┌──

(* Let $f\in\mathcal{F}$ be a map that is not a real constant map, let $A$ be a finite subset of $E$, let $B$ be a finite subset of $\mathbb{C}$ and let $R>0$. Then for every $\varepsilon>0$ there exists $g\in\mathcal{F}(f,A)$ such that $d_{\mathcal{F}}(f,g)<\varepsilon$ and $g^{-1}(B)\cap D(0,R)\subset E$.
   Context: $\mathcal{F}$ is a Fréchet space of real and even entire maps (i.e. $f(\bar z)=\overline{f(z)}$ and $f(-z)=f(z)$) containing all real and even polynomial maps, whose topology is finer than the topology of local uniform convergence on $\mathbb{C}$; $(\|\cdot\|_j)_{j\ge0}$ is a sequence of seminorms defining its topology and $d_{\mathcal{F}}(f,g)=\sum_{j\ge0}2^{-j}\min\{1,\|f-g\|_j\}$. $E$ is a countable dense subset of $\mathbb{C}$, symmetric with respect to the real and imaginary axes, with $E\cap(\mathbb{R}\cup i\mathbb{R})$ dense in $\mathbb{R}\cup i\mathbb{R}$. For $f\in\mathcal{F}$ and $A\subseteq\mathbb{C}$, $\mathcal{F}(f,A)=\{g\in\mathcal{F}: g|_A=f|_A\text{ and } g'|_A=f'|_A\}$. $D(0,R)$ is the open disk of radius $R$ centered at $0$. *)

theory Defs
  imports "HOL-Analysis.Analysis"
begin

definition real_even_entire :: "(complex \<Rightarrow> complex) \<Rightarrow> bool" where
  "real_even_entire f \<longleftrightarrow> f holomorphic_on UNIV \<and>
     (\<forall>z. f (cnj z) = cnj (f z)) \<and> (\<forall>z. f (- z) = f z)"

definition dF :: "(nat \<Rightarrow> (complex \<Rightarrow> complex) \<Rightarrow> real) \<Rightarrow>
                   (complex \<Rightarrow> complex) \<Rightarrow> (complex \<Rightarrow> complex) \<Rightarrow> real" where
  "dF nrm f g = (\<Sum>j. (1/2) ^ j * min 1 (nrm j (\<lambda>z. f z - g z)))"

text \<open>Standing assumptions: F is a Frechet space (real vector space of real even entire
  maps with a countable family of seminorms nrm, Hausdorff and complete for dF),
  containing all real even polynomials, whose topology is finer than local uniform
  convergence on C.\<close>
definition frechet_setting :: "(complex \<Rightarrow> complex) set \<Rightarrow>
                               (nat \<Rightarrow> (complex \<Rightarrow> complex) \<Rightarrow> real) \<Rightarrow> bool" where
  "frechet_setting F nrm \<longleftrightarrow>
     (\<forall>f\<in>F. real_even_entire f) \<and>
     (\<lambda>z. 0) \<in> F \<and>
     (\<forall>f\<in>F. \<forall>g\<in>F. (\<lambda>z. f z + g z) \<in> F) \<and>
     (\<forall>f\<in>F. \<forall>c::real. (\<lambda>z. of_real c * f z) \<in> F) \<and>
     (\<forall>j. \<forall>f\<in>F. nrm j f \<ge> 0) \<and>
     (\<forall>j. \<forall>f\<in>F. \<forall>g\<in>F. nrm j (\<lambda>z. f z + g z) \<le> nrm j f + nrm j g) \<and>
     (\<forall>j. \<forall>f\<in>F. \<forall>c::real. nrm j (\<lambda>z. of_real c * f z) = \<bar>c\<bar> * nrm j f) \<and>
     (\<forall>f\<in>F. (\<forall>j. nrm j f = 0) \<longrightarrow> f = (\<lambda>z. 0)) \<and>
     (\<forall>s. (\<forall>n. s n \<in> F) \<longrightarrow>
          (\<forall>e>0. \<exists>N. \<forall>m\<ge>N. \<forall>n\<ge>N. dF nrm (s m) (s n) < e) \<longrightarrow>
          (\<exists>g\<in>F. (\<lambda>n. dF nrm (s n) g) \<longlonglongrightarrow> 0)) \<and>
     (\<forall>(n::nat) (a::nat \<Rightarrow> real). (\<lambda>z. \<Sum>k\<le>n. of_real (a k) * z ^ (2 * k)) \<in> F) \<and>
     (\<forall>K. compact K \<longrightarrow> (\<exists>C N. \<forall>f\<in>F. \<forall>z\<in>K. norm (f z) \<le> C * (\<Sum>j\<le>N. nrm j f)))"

└──
┌──

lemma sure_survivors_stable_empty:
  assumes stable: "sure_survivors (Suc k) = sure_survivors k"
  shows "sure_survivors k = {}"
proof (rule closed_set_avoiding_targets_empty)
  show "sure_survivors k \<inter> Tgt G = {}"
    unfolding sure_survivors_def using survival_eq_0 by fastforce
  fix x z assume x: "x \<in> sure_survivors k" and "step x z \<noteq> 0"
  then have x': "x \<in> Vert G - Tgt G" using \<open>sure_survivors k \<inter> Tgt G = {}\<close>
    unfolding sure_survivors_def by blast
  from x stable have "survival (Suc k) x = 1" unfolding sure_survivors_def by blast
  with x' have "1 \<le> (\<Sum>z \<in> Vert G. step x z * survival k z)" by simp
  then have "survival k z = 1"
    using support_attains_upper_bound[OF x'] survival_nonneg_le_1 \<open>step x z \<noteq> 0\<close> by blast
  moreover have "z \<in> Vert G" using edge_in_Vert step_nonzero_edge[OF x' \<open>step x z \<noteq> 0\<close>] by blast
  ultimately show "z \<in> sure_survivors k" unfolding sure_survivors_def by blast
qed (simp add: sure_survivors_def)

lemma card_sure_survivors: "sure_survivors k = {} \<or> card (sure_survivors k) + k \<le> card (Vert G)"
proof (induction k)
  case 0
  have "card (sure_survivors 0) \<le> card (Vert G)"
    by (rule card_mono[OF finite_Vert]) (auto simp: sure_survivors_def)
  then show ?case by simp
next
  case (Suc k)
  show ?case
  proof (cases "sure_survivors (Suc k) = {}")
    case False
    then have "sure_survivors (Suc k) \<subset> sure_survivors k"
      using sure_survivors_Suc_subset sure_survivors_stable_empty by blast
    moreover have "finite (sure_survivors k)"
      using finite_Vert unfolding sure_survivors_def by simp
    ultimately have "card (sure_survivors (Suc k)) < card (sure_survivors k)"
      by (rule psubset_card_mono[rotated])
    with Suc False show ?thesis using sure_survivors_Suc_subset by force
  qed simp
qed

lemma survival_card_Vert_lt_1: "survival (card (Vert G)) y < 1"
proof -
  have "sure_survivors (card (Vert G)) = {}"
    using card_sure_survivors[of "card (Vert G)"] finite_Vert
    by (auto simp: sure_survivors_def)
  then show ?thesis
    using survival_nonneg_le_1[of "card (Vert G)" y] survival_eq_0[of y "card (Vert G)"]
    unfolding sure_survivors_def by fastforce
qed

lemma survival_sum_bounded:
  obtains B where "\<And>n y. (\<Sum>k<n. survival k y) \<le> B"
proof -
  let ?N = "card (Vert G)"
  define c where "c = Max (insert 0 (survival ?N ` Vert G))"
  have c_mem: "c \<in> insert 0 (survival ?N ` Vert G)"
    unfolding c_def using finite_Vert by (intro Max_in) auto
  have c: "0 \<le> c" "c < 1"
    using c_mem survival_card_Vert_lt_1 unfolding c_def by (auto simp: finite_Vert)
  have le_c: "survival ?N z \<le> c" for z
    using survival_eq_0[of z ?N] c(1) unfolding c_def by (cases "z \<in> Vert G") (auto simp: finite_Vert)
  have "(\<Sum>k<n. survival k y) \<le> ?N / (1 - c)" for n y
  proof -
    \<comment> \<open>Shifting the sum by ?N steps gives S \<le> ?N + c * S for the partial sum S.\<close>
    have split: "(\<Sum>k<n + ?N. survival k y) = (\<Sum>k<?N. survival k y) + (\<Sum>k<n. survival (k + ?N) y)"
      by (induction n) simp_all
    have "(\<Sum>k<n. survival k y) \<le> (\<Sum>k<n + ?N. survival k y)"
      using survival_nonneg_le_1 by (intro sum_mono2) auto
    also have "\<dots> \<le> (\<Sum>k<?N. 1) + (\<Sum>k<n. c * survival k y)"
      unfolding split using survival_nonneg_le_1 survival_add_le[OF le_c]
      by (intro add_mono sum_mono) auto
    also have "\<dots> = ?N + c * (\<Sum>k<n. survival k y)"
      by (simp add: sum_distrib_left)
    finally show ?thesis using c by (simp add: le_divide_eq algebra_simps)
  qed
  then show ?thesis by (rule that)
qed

└──
┌──

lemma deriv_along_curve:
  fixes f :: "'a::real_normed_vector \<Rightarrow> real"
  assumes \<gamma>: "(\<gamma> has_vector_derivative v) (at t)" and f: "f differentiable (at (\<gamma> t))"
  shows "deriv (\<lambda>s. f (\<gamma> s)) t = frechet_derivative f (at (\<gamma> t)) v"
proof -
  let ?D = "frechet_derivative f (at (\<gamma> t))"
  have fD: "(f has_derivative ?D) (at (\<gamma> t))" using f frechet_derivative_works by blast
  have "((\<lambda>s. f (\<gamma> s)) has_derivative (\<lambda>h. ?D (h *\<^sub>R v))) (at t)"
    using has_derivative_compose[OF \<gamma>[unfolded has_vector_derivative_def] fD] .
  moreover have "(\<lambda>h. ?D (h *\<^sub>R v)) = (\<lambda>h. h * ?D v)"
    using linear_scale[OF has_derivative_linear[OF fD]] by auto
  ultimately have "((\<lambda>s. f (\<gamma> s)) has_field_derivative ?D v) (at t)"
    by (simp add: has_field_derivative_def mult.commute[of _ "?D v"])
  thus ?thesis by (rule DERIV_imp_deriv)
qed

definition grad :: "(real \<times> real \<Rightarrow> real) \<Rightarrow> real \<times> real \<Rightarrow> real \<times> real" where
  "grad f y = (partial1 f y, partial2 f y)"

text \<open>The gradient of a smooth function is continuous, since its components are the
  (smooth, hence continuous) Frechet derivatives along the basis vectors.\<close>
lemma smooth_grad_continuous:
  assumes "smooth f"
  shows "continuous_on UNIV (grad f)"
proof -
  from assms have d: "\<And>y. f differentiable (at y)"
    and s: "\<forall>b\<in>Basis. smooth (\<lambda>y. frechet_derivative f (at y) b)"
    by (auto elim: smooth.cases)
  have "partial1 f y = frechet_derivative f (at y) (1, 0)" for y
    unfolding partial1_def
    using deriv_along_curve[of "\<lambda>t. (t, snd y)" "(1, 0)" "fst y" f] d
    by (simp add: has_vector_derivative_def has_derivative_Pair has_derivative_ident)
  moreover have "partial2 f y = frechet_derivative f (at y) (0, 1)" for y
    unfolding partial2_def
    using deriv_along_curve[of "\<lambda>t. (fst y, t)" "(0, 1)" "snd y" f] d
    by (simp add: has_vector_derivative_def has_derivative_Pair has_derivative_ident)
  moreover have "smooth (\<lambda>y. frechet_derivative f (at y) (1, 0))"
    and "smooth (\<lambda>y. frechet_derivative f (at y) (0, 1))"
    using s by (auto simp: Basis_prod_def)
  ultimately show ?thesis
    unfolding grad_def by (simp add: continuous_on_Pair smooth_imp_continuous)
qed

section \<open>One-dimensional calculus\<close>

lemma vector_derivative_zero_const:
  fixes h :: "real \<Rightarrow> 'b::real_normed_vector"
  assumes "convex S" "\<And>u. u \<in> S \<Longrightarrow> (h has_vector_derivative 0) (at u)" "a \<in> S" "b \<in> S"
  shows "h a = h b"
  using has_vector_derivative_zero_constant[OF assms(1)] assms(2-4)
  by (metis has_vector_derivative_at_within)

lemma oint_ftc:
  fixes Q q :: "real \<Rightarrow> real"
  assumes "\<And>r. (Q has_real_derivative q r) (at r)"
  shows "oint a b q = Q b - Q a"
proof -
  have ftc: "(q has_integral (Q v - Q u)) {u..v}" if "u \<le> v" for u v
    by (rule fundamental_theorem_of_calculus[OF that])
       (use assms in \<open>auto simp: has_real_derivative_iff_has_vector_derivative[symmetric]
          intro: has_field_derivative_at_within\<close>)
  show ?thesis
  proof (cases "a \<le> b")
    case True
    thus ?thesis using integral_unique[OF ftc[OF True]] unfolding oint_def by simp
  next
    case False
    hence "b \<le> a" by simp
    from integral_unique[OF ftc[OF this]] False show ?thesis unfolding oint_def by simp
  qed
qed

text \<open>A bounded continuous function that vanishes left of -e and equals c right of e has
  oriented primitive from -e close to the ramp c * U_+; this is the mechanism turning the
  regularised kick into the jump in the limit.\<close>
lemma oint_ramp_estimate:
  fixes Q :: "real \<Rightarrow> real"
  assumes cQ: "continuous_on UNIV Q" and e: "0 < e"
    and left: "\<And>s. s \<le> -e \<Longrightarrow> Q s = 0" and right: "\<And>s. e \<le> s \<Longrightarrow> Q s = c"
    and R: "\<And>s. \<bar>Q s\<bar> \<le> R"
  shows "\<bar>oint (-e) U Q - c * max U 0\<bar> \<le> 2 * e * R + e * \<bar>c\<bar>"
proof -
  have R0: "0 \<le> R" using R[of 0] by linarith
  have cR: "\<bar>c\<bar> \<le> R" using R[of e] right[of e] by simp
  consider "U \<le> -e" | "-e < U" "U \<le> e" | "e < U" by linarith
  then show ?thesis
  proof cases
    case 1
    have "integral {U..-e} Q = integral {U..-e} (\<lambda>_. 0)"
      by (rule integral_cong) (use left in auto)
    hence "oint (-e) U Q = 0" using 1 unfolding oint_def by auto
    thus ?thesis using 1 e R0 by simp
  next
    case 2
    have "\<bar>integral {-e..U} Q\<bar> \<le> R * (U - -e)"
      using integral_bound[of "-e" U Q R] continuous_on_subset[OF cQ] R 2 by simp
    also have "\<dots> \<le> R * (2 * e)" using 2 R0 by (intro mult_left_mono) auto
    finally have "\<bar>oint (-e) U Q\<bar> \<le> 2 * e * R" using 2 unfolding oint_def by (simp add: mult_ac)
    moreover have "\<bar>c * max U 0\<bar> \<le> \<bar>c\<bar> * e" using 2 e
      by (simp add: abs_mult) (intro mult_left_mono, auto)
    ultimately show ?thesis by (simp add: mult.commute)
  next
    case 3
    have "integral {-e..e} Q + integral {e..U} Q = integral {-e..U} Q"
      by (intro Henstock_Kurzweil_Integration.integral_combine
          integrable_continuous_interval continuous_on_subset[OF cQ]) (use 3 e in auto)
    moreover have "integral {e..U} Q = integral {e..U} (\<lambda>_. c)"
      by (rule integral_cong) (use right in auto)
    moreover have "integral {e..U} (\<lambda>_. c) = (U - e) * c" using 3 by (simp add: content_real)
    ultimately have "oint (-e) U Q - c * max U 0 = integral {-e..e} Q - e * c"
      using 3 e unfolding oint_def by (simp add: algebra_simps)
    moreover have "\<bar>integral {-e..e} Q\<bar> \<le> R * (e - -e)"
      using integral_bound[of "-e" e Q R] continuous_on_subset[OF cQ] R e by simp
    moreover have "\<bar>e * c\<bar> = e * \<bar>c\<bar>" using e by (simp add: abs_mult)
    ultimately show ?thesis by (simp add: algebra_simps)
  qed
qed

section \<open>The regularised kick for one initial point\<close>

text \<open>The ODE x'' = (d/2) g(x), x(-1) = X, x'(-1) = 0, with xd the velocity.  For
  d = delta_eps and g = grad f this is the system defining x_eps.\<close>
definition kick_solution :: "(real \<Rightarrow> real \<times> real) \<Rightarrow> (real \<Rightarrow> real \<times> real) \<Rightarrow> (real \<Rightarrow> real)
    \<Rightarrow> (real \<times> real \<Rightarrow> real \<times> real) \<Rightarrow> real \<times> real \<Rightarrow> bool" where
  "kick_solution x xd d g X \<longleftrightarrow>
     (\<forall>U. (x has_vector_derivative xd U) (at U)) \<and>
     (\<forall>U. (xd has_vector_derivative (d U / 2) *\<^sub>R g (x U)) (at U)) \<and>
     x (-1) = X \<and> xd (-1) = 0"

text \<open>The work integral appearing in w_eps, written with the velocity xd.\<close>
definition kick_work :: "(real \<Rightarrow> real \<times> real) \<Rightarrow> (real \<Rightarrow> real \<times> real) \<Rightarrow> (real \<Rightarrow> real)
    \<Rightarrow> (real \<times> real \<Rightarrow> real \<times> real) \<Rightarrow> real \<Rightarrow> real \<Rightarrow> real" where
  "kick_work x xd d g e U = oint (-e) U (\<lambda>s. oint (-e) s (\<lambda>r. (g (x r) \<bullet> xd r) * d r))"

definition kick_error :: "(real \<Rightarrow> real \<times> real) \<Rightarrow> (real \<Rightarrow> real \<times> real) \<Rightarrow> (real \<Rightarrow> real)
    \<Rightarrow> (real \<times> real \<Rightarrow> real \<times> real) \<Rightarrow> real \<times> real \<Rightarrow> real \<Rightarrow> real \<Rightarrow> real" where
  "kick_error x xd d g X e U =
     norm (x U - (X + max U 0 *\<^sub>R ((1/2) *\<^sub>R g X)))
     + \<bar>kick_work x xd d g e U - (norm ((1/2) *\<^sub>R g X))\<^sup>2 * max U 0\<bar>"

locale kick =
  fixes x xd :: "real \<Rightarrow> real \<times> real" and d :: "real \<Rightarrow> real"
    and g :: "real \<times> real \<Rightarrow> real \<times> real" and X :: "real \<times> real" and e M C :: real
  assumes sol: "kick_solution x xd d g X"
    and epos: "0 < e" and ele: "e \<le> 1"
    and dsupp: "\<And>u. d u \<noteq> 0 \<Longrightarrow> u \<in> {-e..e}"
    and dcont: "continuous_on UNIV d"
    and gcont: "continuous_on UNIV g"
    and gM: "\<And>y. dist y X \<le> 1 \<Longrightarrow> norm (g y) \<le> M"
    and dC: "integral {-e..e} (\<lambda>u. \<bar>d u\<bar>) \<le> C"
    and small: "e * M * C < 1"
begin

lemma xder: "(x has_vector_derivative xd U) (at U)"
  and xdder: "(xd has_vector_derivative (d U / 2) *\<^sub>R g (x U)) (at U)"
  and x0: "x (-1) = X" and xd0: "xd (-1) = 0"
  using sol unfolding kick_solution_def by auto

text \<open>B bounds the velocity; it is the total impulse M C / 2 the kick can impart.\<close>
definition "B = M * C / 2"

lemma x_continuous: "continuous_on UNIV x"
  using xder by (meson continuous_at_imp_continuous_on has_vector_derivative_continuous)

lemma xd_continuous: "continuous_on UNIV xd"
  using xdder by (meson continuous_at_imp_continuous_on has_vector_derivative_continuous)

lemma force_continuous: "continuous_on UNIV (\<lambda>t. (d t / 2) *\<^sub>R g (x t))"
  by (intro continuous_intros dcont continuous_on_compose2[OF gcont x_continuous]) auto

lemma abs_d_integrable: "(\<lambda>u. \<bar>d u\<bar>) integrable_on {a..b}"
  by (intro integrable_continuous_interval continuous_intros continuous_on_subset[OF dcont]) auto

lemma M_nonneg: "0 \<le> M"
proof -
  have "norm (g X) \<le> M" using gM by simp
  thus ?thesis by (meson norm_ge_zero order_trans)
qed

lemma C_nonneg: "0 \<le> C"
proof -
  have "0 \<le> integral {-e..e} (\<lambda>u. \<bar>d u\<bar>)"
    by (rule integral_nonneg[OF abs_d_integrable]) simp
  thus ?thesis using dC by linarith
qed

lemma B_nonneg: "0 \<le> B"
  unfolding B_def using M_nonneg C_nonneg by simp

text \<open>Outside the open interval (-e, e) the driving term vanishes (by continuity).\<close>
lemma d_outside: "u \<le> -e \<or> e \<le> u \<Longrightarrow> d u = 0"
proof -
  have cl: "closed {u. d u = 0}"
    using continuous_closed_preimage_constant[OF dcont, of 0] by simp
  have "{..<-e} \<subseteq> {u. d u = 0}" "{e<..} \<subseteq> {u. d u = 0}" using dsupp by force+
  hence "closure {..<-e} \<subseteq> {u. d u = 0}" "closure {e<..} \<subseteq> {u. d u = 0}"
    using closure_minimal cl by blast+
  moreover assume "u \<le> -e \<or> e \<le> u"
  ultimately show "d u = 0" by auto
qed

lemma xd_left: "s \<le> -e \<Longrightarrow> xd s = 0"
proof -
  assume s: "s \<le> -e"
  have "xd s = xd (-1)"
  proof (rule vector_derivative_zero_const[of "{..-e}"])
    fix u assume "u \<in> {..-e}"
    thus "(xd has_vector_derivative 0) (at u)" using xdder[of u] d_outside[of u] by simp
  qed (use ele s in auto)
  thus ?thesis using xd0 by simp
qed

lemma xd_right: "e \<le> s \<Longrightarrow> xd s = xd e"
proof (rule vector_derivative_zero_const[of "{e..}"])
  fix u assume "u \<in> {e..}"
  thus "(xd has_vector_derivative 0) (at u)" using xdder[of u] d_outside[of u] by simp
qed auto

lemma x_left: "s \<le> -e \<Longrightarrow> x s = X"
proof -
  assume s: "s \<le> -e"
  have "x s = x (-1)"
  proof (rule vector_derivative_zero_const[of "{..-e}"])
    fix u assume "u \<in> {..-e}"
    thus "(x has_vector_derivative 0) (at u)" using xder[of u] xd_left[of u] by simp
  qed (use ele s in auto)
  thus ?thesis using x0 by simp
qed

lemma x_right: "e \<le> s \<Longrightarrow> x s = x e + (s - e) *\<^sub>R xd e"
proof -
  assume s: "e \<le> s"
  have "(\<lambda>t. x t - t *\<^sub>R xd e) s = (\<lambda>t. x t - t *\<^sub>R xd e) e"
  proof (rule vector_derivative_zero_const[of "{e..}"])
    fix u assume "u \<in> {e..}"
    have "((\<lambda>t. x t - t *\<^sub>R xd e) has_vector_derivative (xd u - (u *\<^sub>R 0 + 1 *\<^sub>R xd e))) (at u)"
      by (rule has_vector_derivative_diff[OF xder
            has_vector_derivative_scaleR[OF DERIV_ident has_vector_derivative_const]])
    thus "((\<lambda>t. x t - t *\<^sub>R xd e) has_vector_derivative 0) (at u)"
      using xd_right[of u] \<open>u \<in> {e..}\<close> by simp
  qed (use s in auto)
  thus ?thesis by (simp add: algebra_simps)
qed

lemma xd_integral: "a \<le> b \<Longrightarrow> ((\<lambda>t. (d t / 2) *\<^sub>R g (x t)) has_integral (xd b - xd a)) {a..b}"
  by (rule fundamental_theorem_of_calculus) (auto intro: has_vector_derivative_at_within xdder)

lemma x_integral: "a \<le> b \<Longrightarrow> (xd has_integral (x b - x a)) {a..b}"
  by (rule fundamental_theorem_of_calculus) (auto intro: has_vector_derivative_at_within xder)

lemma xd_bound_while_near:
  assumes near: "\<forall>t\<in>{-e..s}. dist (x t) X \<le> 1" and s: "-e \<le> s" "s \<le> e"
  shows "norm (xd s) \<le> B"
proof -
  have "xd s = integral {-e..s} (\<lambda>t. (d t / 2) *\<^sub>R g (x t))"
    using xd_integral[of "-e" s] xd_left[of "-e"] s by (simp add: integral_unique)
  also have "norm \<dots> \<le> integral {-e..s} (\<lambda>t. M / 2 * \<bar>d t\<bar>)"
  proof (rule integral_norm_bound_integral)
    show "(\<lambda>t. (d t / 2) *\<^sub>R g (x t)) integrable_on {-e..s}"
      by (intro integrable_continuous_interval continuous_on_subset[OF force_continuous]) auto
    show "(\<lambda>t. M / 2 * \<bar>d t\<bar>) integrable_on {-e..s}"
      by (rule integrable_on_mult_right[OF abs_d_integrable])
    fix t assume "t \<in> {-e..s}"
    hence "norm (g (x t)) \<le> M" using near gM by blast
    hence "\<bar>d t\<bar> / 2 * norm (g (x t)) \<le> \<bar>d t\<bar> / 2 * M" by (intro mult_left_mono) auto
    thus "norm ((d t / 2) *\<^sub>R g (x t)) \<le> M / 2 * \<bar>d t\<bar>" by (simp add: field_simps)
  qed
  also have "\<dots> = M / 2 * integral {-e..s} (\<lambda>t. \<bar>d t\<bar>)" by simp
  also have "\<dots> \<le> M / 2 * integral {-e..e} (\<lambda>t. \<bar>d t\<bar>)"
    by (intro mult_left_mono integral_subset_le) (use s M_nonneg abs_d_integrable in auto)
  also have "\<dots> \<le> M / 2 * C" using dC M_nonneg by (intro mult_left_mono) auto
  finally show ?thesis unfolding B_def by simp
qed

└──

*ABOUT THIS EXERCISE:*
Output exactly one stretch of the listing: from the line containing "b \<Longrightarrow> ((\<lambda>t." through the line containing "intro: has_vector_derivative_at_within xdder)", both end lines included.

*OUTPUT BELOW:*
lemma xd_integral: "a \<le> b \<Longrightarrow> ((\<lambda>t. (d t / 2) *\<^sub>R g (x t)) has_integral (xd b - xd a)) {a..b}"
  by (rule fundamental_theorem_of_calculus) (auto intro: has_vector_derivative_at_within xdder)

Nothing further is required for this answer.